Update test and version

araffin · araffin · commit a07bb1b1b860 · 2025-12-08T10:16:17.000+01:00
diff --git a/docs/misc/changelog.rst b/docs/misc/changelog.rst
@@ -3,7 +3,7 @@
 Changelog
 ==========
 
-Release 2.8.0a0 (WIP)
+Release 2.8.0a1 (WIP)
 --------------------------
 
 Breaking Changes:
diff --git a/sb3_contrib/version.txt b/sb3_contrib/version.txt
@@ -1 +1 @@
-2.8.0a0
+2.8.0a1
diff --git a/tests/test_lstm.py b/tests/test_lstm.py
@@ -248,29 +248,18 @@ def make_env():
 
 class MultiDimensionalActionSpaceEnv(gym.Env):
     def __init__(self):
-        self.observation_space = gym.spaces.Box(
-            low=-1,
-            high=1,
-            shape=(10,),
-            dtype=np.float32,
-        )
-
-        self.action_space = gym.spaces.Box(
-            low=-1,
-            high=1,
-            shape=(2, 2),
-            dtype=np.float32,
-        )
+        self.observation_space = spaces.Box(low=-1, high=1, shape=(10,), dtype=np.float32)

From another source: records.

(* Let $R=\mathbb{R}[t]/(t^2)$ and let $A$ be the evolution algebra over $R$ with basis $\{x_i:i\in\mathbb{N}\}$ and multiplication determined by $x_ix_i=tx_i+x_{i+1}$ and $x_ix_j=0$ for $i\ne j$. Then $A$ is nil but not nilpotent.
   Context: An evolution algebra over a commutative ring $R$ is a free $R$-module with basis $\{x_i\}$ and $R$-bilinear multiplication determined by $x_ix_j=0$ for $i\ne j$ and $x_i^2=\sum_k c_{ki}x_k$. Principal powers: $a^1=a$, $a^n=a^{n-1}a$; $A^1=A$, $A^n=A^{n-1}A$ ($R$-span of products). $A$ is nil if every element has some principal power equal to $0$; nilpotent if $A^n=(0)$ for some $n$. *)

theory Defs
  imports Complex_Main
begin

section \<open>The ring R = real[t]/(t^2) (dual numbers a + b t)\<close>

datatype dual = Dual (re: real) (ep: real)

instantiation dual :: comm_ring_1
begin
definition "zero_dual = Dual 0 0"
definition "one_dual = Dual 1 0"
definition "plus_dual x y = Dual (re x + re y) (ep x + ep y)"
definition "minus_dual x y = Dual (re x - re y) (ep x - ep y)"
definition "uminus_dual x = Dual (- re x) (- ep x)"
definition "times_dual x y = Dual (re x * re y) (re x * ep y + ep x * re y)"
instance
  by intro_classes
     (auto simp: zero_dual_def one_dual_def plus_dual_def minus_dual_def
                 uminus_dual_def times_dual_def dual.expand algebra_simps)
end

definition dual_t :: dual where "dual_t = Dual 0 1"

text \<open>Elements of the free module with basis indexed by nat: finitely supported
  coefficient functions; the element is \<Sum> a i x_i.\<close>
definition fsupp :: "(nat \<Rightarrow> 'r::comm_ring_1) set" where
  "fsupp = {a. finite {i. a i \<noteq> 0}}"

text \<open>Structure constants: x_i^2 = \<Sum>_k c k i x_k, x_i x_j = 0 for i \<noteq> j.
  Bilinear extension: (\<Sum> a_i x_i)(\<Sum> b_j x_j) = \<Sum>_i a_i b_i x_i^2.\<close>
definition evo_mult :: "(nat \<Rightarrow> nat \<Rightarrow> 'r::comm_ring_1) \<Rightarrow> (nat \<Rightarrow> 'r) \<Rightarrow> (nat \<Rightarrow> 'r) \<Rightarrow> (nat \<Rightarrow> 'r)" where
  "evo_mult c a b = (\<lambda>k. \<Sum>i\<in>{i. a i \<noteq> 0}. a i * b i * c k i)"

text \<open>Principal powers a^1 = a, a^(n+1) = a^n a (index 0 unused).\<close>
fun ppow :: "(nat \<Rightarrow> nat \<Rightarrow> 'r::comm_ring_1) \<Rightarrow> (nat \<Rightarrow> 'r) \<Rightarrow> nat \<Rightarrow> (nat \<Rightarrow> 'r)" where
  "ppow c a 0 = a"
| "ppow c a (Suc 0) = a"
| "ppow c a (Suc (Suc n)) = evo_mult c (ppow c a (Suc n)) a"

inductive_set rspan :: "(nat \<Rightarrow> 'r::comm_ring_1) set \<Rightarrow> (nat \<Rightarrow> 'r) set" for S where
  zero: "(\<lambda>_. 0) \<in> rspan S"
| base: "x \<in> S \<Longrightarrow> x \<in> rspan S"
| add: "x \<in> rspan S \<Longrightarrow> y \<in> rspan S \<Longrightarrow> (\<lambda>k. x k + y k) \<in> rspan S"
| smult: "x \<in> rspan S \<Longrightarrow> (\<lambda>k. r * x k) \<in> rspan S"

text \<open>Principal powers of the algebra: A^1 = A, A^(n+1) = span(A^n A) (index 0 unused).\<close>
fun apow :: "(nat \<Rightarrow> nat \<Rightarrow> 'r::comm_ring_1) \<Rightarrow> nat \<Rightarrow> (nat \<Rightarrow> 'r) set" where
  "apow c 0 = fsupp"
| "apow c (Suc 0) = fsupp"
| "apow c (Suc (Suc n)) = rspan {evo_mult c u v | u v. u \<in> apow c (Suc n) \<and> v \<in> fsupp}"

definition evo_nil :: "(nat \<Rightarrow> nat \<Rightarrow> 'r::comm_ring_1) \<Rightarrow> bool" where
  "evo_nil c \<longleftrightarrow> (\<forall>a\<in>fsupp. \<exists>n\<ge>1. ppow c a n = (\<lambda>_. 0))"

definition evo_nilpotent :: "(nat \<Rightarrow> nat \<Rightarrow> 'r::comm_ring_1) \<Rightarrow> bool" where
  "evo_nilpotent c \<longleftrightarrow> (\<exists>n\<ge>1. apow c n = {\<lambda>_. 0})"

definition ex_c :: "nat \<Rightarrow> nat \<Rightarrow> dual" where
  "ex_c k i = (if k = i then dual_t else if k = Suc i then 1 else 0)"

end

theory Submission
  imports Defs
begin

text \<open>In \<open>b a\<close> the \<open>k\<close>-th coefficient is \<open>b\<^sub>k a\<^sub>k t + b\<^sub>k\<^sub>-\<^sub>1 a\<^sub>k\<^sub>-\<^sub>1\<close>. Since \<open>t\<^sup>2 = 0\<close>, the
  diagonal term vanishes once \<open>b\<^sub>k\<close> is a multiple of \<open>t\<close>, so by induction the coefficients of
  \<open>a\<^sup>n\<^sup>+\<^sup>1\<close> below index \<open>n - 1\<close> vanish and those below \<open>n\<close> are multiples of \<open>t\<close>. As every power of
  \<open>a\<close> lives on the support of \<open>a\<close> and its shift, a high power of \<open>a\<close> is zero: \<open>A\<close> is nil.
  It is not nilpotent because \<open>x\<^sub>j\<^sup>2\<close> has coefficient \<open>1\<close> at \<open>x\<^sub>j\<^sub>+\<^sub>1\<close>: multiplying a nonzero
  \<open>u \<in> A\<^sup>n\<close> by a basis vector \<open>x\<^sub>j\<close> with \<open>u\<^sub>j \<noteq> 0\<close> gives a nonzero element of \<open>A\<^sup>n\<^sup>+\<^sup>1\<close>.\<close>

definition shift_c :: "'r::comm_ring_1 \<Rightarrow> nat \<Rightarrow> nat \<Rightarrow> 'r" where
  "shift_c t k i = (if k = i then t else if k = Suc i then 1 else 0)"

definition basis_vec :: "nat \<Rightarrow> nat \<Rightarrow> 'r::comm_ring_1" where
  "basis_vec j = (\<lambda>i. if i = j then 1 else 0)"

lemma basis_vec_in_fsupp: "basis_vec j \<in> fsupp"
  by (auto simp: fsupp_def basis_vec_def intro: finite_subset[of _ "{j}"])

lemma basis_vec_nonzero: "basis_vec j \<noteq> (\<lambda>_. 0)"
  by (auto simp: basis_vec_def fun_eq_iff)

lemma evo_mult_eq_sum:
  assumes "u \<in> fsupp" and "finite F" and "\<And>i. c k i \<noteq> 0 \<Longrightarrow> i \<in> F"
  shows "evo_mult c u v k = (\<Sum>i\<in>F. u i * v i * c k i)"
proof -
  let ?f = "\<lambda>i. u i * v i * c k i" and ?S = "{i. u i \<noteq> 0}"
  have fin: "finite (?S \<union> F)" using assms(1,2) by (simp add: fsupp_def)
  have outside: "c k i = 0" if "i \<notin> F" for i using assms(3) that by blast
  have "sum ?f ?S = sum ?f (?S \<union> F)"
    by (rule sum.mono_neutral_left) (use fin in auto)
  also have "\<dots> = sum ?f F"
    by (rule sum.mono_neutral_right) (use fin outside in auto)
  finally show ?thesis by (simp add: evo_mult_def)
qed

lemma evo_mult_basis_vec:
  assumes "u \<in> fsupp"
  shows "evo_mult c u (basis_vec j) = (\<lambda>k. u j * c k j)"
proof
  fix k
  have "evo_mult c u (basis_vec j) k = (\<Sum>i\<in>{i. u i \<noteq> 0}. if i = j then u j * c k j else 0)"
    unfolding evo_mult_def basis_vec_def by (rule sum.cong) auto
  then show "evo_mult c u (basis_vec j) k = u j * c k j"
    using assms by (simp add: fsupp_def)
qed

lemma apow_nonzero:
  assumes finite_squares: "\<And>j. finite {k. c k j \<noteq> 0}"
    and unit_coeff: "\<And>j. \<exists>k. c k j = 1"
  shows "\<exists>u\<in>apow c (Suc n). u \<in> fsupp \<and> u \<noteq> (\<lambda>_. 0)"
proof (induction n)
  case 0
  have "basis_vec 0 \<in> apow c (Suc 0)" by (simp add: basis_vec_in_fsupp)
  then show ?case using basis_vec_in_fsupp basis_vec_nonzero by blast
next
  case (Suc n)
  then obtain u where u: "u \<in> apow c (Suc n)" "u \<in> fsupp" "u \<noteq> (\<lambda>_. 0)"
    by blast
  then obtain j where "u j \<noteq> 0" by (auto simp: fun_eq_iff)
  obtain k where "c k j = 1" using unit_coeff by blast
  define w where "w = evo_mult c u (basis_vec j)"
  have w: "w = (\<lambda>k. u j * c k j)"
    unfolding w_def using u(2) by (rule evo_mult_basis_vec)
  have "w k \<noteq> 0" using \<open>c k j = 1\<close> \<open>u j \<noteq> 0\<close> by (simp add: w)
  then have "w \<noteq> (\<lambda>_. 0)" by auto
  moreover have "w \<in> fsupp"
    unfolding fsupp_def w by (rule CollectI, rule finite_subset[OF _ finite_squares[of j]]) auto
  moreover have "w \<in> apow c (Suc (Suc n))"
    unfolding apow.simps w_def using u(1) basis_vec_in_fsupp by (blast intro: rspan.base)
  ultimately show ?case by blast
qed

lemma ppow_in_fsupp:
  assumes "\<And>u v. u \<in> fsupp \<Longrightarrow> evo_mult c u v \<in> fsupp" and "a \<in> fsupp"
  shows "ppow c a n \<in> fsupp"
proof -
  have "ppow c a (Suc m) \<in> fsupp" for m by (induction m) (use assms in auto)
  then show ?thesis using assms(2) by (cases n) auto
qed

lemma not_evo_nilpotent:
  assumes "\<And>j. finite {k. c k j \<noteq> 0}" and "\<And>j. \<exists>k. c k j = 1"
  shows "\<not> evo_nilpotent c"
proof
  assume "evo_nilpotent c"
  then obtain n where "apow c (Suc n) = {\<lambda>_. 0}"
    by (auto simp: evo_nilpotent_def dest!: Suc_le_D)
  then show False using apow_nonzero[of c, OF assms, of n] by auto
qed

lemma evo_mult_shift_c_0:
  "u \<in> fsupp \<Longrightarrow> evo_mult (shift_c t) u v 0 = u 0 * v 0 * t"
  by (subst evo_mult_eq_sum[where F = "{0}"]) (auto simp: shift_c_def split: if_splits)

lemma evo_mult_shift_c_Suc:
  "u \<in> fsupp \<Longrightarrow> evo_mult (shift_c t) u v (Suc k) = u (Suc k) * v (Suc k) * t + u k * v k"
  by (subst evo_mult_eq_sum[where F = "{k, Suc k}"]) (auto simp: shift_c_def split: if_splits)

lemma evo_mult_shift_c_in_fsupp:
  assumes "u \<in> fsupp"
  shows "evo_mult (shift_c t) u v \<in> fsupp"
proof -
  let ?S = "{i. u i \<noteq> 0}"
  have "{k. evo_mult (shift_c t) u v k \<noteq> 0} \<subseteq> ?S \<union> Suc ` ?S"
  proof
    fix k assume "k \<in> {k. evo_mult (shift_c t) u v k \<noteq> 0}"
    then show "k \<in> ?S \<union> Suc ` ?S"
      using assms by (cases k) (auto simp: evo_mult_shift_c_0 evo_mult_shift_c_Suc)
  qed
  then show ?thesis using assms by (auto simp: fsupp_def intro: finite_subset)
qed

lemma ppow_shift_c_in_fsupp: "a \<in> fsupp \<Longrightarrow> ppow (shift_c t) a n \<in> fsupp"
  by (rule ppow_in_fsupp) (rule evo_mult_shift_c_in_fsupp)

lemma evo_mult_shift_c_vanishes_high:
  assumes "u \<in> fsupp" and "\<And>i. q < i \<Longrightarrow> v i = 0" and "Suc q < k"
  shows "evo_mult (shift_c t) u v k = 0"
  using assms by (cases k) (auto simp: evo_mult_shift_c_Suc)

lemma ppow_shift_c_low_coeffs:
  fixes t :: "'r::comm_ring_1"
  assumes "t * t = 0" and a: "a \<in> fsupp"
  shows "(\<forall>k. k + 1 < n \<longrightarrow> ppow (shift_c t) a (Suc n) k = 0) \<and>
         (\<forall>k < n. t dvd ppow (shift_c t) a (Suc n) k)"
proof (induction n)
  case 0
  show ?case by simp
next
  case (Suc n)
  define b where "b = ppow (shift_c t) a (Suc n)"
  have b: "b \<in> fsupp" unfolding b_def using a by (rule ppow_shift_c_in_fsupp)
  have low: "\<And>k. k + 1 < n \<Longrightarrow> b k = 0" and dvd: "\<And>k. k < n \<Longrightarrow> t dvd b k"
    using Suc.IH by (auto simp: b_def)
  have diag: "b k * a k * t = 0" if k_less: "k < n" for k
  proof -
    obtain r where "b k = t * r" using dvd[OF k_less] by (rule dvdE)
    then have "b k * a k * t = (t * t) * (r * a k)" by (simp add: ac_simps)
    then show ?thesis using \<open>t * t = 0\<close> by simp
  qed
  have power: "ppow (shift_c t) a (Suc (Suc n)) = evo_mult (shift_c t) b a"
    by (simp add: b_def)
  show ?case
  proof (intro conjI allI impI)
    fix k assume "k + 1 < Suc n"
    then show "ppow (shift_c t) a (Suc (Suc n)) k = 0"
      unfolding power using b diag low
      by (cases k) (auto simp: evo_mult_shift_c_0 evo_mult_shift_c_Suc)
  next
    fix k assume "k < Suc n"
    then show "t dvd ppow (shift_c t) a (Suc (Suc n)) k"
      unfolding power using b dvd
      by (cases k) (auto simp: evo_mult_shift_c_0 evo_mult_shift_c_Suc)
  qed
qed

lemma evo_nil_shift_c:
  fixes t :: "'r::comm_ring_1"
  assumes "t * t = 0"
  shows "evo_nil (shift_c t)"
  unfolding evo_nil_def
proof
  fix a :: "nat \<Rightarrow> 'r" assume a: "a \<in> fsupp"
  define q where "q = Max (insert 0 {i. a i \<noteq> 0})"
  have high: "a i = 0" if "q < i" for i
    using a that Max_ge[of "insert 0 {i. a i \<noteq> 0}" i] by (force simp: q_def fsupp_def)
  let ?N = "Suc (Suc (Suc q))"
  have "ppow (shift_c t) a (Suc ?N) k = 0" for k
  proof (cases "Suc q < k")
    case True
    have "ppow (shift_c t) a ?N \<in> fsupp" using a by (rule ppow_shift_c_in_fsupp)
    then have "evo_mult (shift_c t) (ppow (shift_c t) a ?N) a k = 0"
      using high True by (rule evo_mult_shift_c_vanishes_high)
    then show ?thesis by simp
  next
    case False
    then show ?thesis using ppow_shift_c_low_coeffs[OF assms a, of ?N] by simp
  qed
  then show "\<exists>n\<ge>1. ppow (shift_c t) a n = (\<lambda>_. 0)"
    by (intro exI[of _ "Suc ?N"]) auto
qed

lemma not_evo_nilpotent_shift_c: "\<not> evo_nilpotent (shift_c t)"
proof (rule not_evo_nilpotent)
  show "finite {k. shift_c t k j \<noteq> 0}" for j
    by (rule finite_subset[of _ "{j, Suc j}"]) (auto simp: shift_c_def)
  show "\<exists>k. shift_c t k j = 1" for j
    by (intro exI[of _ "Suc j"]) (simp add: shift_c_def)
qed

lemma ex_c_eq_shift_c: "ex_c = shift_c dual_t"
  by (auto simp: ex_c_def shift_c_def fun_eq_iff)

lemma dual_t_mult_self: "dual_t * dual_t = 0"
  by (simp add: dual_t_def times_dual_def zero_dual_def)

theorem mainTheorem10:
  shows "evo_nil ex_c \<and> \<not> evo_nilpotent ex_c"
  unfolding ex_c_eq_shift_c
  using evo_nil_shift_c[OF dual_t_mult_self] not_evo_nilpotent_shift_c by blast

end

+        self.action_space = spaces.Box(low=-1, high=1, shape=(2, 2), dtype=np.float32)
 
     def reset(self, seed=None, options=None):
         super().reset(seed=seed)
         return self.observation_space.sample(), {}
 
     def step(self, action):
-        return self.observation_space.sample(), 1, False, False, {}
+        return self.observation_space.sample(), 1, np.random.rand() > 0.8, False, {}
 
 
 def test_ppo_multi_dimensional_action_space():
-    env = make_vec_env(MultiDimensionalActionSpaceEnv, n_envs=1)
-    model = RecurrentPPO("MlpLstmPolicy", env)
-    model.learn(1)
+    env = MultiDimensionalActionSpaceEnv()
+    model = RecurrentPPO("MlpLstmPolicy", env, n_steps=64, n_epochs=2).learn(64)
+    evaluate_policy(model, model.get_env())